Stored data
-------

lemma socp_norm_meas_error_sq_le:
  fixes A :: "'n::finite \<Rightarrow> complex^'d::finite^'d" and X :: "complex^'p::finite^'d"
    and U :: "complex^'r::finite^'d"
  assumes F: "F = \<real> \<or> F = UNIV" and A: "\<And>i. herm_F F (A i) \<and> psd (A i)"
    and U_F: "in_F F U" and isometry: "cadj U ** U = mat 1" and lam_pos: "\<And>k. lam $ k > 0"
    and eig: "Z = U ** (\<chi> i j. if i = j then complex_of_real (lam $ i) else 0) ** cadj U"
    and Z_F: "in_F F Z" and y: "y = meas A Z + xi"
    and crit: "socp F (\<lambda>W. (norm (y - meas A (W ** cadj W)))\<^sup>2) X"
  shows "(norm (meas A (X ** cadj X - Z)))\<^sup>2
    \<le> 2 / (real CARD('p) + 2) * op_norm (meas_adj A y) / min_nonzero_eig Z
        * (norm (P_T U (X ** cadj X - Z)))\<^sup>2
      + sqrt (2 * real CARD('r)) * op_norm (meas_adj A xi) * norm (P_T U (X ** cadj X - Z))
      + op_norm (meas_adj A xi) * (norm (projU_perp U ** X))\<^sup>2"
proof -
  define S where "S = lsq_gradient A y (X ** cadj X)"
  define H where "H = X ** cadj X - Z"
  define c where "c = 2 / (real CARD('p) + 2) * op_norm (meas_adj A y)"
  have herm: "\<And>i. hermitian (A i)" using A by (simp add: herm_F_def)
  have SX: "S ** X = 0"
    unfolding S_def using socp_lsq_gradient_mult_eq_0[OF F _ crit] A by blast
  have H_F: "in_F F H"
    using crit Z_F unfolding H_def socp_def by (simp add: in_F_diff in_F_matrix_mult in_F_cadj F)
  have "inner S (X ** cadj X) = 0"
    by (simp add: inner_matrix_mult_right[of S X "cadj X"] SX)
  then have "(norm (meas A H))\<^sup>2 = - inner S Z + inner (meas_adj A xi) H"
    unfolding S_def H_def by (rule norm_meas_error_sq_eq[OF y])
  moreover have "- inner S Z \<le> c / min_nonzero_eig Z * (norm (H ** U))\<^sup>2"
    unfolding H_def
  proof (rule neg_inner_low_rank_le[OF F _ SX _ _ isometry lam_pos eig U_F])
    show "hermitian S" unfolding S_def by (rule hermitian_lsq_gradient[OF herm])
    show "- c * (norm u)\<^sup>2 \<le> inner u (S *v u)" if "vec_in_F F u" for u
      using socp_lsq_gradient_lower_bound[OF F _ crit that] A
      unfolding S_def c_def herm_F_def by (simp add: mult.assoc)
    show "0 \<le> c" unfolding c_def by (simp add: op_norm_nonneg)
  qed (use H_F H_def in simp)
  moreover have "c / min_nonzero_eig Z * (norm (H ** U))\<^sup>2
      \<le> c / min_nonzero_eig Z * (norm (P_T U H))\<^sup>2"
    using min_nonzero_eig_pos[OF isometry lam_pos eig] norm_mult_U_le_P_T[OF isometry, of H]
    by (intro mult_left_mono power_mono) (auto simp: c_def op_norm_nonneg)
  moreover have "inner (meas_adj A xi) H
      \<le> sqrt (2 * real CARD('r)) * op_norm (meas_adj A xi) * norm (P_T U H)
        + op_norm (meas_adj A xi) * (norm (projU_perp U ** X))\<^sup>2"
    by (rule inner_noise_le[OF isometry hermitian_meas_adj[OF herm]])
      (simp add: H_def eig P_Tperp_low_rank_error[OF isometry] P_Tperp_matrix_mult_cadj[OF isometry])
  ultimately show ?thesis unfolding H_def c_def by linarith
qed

-------

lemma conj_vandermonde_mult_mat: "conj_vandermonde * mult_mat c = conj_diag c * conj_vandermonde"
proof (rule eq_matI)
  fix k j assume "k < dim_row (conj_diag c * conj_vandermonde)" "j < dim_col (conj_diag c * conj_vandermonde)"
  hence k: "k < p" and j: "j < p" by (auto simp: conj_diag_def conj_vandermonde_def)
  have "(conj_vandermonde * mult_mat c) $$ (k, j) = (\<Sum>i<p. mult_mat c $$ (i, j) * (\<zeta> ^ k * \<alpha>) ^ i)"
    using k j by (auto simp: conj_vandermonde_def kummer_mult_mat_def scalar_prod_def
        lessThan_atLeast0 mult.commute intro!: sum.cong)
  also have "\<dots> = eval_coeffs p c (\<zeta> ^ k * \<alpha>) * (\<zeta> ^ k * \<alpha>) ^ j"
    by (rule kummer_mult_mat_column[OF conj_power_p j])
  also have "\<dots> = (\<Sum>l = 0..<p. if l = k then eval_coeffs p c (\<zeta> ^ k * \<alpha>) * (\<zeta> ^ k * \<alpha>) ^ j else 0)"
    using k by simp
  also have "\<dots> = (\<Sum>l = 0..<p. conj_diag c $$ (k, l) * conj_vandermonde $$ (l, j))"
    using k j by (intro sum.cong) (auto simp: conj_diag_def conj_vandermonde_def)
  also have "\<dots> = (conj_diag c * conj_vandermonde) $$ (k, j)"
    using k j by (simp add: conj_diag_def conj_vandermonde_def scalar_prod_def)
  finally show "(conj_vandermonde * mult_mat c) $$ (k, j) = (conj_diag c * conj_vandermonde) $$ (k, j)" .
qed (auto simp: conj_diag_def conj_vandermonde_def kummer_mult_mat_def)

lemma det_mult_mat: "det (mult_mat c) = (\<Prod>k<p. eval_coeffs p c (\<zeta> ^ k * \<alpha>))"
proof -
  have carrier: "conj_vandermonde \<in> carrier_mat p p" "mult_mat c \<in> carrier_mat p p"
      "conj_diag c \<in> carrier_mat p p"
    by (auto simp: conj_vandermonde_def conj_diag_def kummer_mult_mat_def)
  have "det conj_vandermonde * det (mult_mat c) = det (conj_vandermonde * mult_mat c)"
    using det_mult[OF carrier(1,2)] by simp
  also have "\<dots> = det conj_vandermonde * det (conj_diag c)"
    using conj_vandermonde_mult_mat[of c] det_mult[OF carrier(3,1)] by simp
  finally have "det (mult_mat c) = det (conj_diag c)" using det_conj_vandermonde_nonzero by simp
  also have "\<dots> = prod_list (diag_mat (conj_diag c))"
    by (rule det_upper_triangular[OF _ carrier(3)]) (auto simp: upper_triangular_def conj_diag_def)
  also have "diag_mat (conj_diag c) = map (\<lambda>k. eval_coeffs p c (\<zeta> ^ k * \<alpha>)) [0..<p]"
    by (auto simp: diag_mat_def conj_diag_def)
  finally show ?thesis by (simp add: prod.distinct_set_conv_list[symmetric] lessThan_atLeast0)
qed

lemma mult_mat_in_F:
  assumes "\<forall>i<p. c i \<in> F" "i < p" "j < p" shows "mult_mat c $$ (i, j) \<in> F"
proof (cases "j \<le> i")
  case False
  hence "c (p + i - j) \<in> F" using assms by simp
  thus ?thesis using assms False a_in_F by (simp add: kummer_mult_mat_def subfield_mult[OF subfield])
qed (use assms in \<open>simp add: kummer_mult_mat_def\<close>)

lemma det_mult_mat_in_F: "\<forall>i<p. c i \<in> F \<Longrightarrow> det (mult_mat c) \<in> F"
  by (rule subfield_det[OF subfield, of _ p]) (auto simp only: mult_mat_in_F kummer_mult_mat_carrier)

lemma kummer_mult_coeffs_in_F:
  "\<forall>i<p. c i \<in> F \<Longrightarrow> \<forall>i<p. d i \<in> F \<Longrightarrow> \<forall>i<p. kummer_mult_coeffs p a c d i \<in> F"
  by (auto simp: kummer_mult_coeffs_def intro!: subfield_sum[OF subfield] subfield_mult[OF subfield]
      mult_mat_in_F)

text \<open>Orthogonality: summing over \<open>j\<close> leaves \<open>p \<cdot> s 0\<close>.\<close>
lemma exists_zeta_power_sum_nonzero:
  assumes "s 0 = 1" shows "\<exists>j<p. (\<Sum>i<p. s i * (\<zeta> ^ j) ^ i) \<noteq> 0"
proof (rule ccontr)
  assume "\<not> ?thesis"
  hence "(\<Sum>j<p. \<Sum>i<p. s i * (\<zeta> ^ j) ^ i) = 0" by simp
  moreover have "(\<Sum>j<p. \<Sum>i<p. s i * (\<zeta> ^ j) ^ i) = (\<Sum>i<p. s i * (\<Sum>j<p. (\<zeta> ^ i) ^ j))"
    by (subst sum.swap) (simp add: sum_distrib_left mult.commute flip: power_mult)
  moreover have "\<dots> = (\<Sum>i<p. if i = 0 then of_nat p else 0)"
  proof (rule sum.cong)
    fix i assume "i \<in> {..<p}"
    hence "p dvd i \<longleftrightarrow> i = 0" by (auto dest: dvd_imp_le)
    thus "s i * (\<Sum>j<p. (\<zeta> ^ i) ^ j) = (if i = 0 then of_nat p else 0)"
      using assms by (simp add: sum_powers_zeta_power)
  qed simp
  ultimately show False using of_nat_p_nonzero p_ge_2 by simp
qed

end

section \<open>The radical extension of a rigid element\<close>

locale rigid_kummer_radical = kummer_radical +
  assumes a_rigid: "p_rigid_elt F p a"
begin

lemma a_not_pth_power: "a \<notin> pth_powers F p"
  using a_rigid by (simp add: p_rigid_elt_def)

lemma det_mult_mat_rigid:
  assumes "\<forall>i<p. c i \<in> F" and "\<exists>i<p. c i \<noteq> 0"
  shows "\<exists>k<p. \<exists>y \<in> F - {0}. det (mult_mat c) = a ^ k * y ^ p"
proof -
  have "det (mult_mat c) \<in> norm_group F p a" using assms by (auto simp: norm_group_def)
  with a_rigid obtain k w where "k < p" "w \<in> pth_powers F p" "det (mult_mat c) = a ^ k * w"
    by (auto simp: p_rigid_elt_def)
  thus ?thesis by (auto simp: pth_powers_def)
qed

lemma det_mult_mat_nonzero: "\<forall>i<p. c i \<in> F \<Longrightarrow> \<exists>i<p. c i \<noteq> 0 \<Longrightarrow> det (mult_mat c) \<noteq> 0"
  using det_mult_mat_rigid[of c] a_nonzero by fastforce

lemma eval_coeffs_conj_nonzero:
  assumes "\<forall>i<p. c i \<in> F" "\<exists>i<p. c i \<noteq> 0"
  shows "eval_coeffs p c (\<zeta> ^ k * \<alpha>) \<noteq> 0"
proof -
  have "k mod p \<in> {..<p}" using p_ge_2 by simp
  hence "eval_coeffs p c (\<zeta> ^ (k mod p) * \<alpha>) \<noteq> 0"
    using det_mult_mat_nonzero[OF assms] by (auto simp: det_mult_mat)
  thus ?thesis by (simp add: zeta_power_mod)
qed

-------

Retype the portion of the data above that starts on the line with "by (rule kummer_mult_mat_column[OF" and finishes on the line with "qed (auto simp: conj_diag_def", including both of those lines.

### TASK RESPONSE
    by (rule kummer_mult_mat_column[OF conj_power_p j])
  also have "\<dots> = (\<Sum>l = 0..<p. if l = k then eval_coeffs p c (\<zeta> ^ k * \<alpha>) * (\<zeta> ^ k * \<alpha>) ^ j else 0)"
    using k by simp
  also have "\<dots> = (\<Sum>l = 0..<p. conj_diag c $$ (k, l) * conj_vandermonde $$ (l, j))"
    using k j by (intro sum.cong) (auto simp: conj_diag_def conj_vandermonde_def)
  also have "\<dots> = (conj_diag c * conj_vandermonde) $$ (k, j)"
    using k j by (simp add: conj_diag_def conj_vandermonde_def scalar_prod_def)
  finally show "(conj_vandermonde * mult_mat c) $$ (k, j) = (conj_diag c * conj_vandermonde) $$ (k, j)" .
qed (auto simp: conj_diag_def conj_vandermonde_def kummer_mult_mat_def)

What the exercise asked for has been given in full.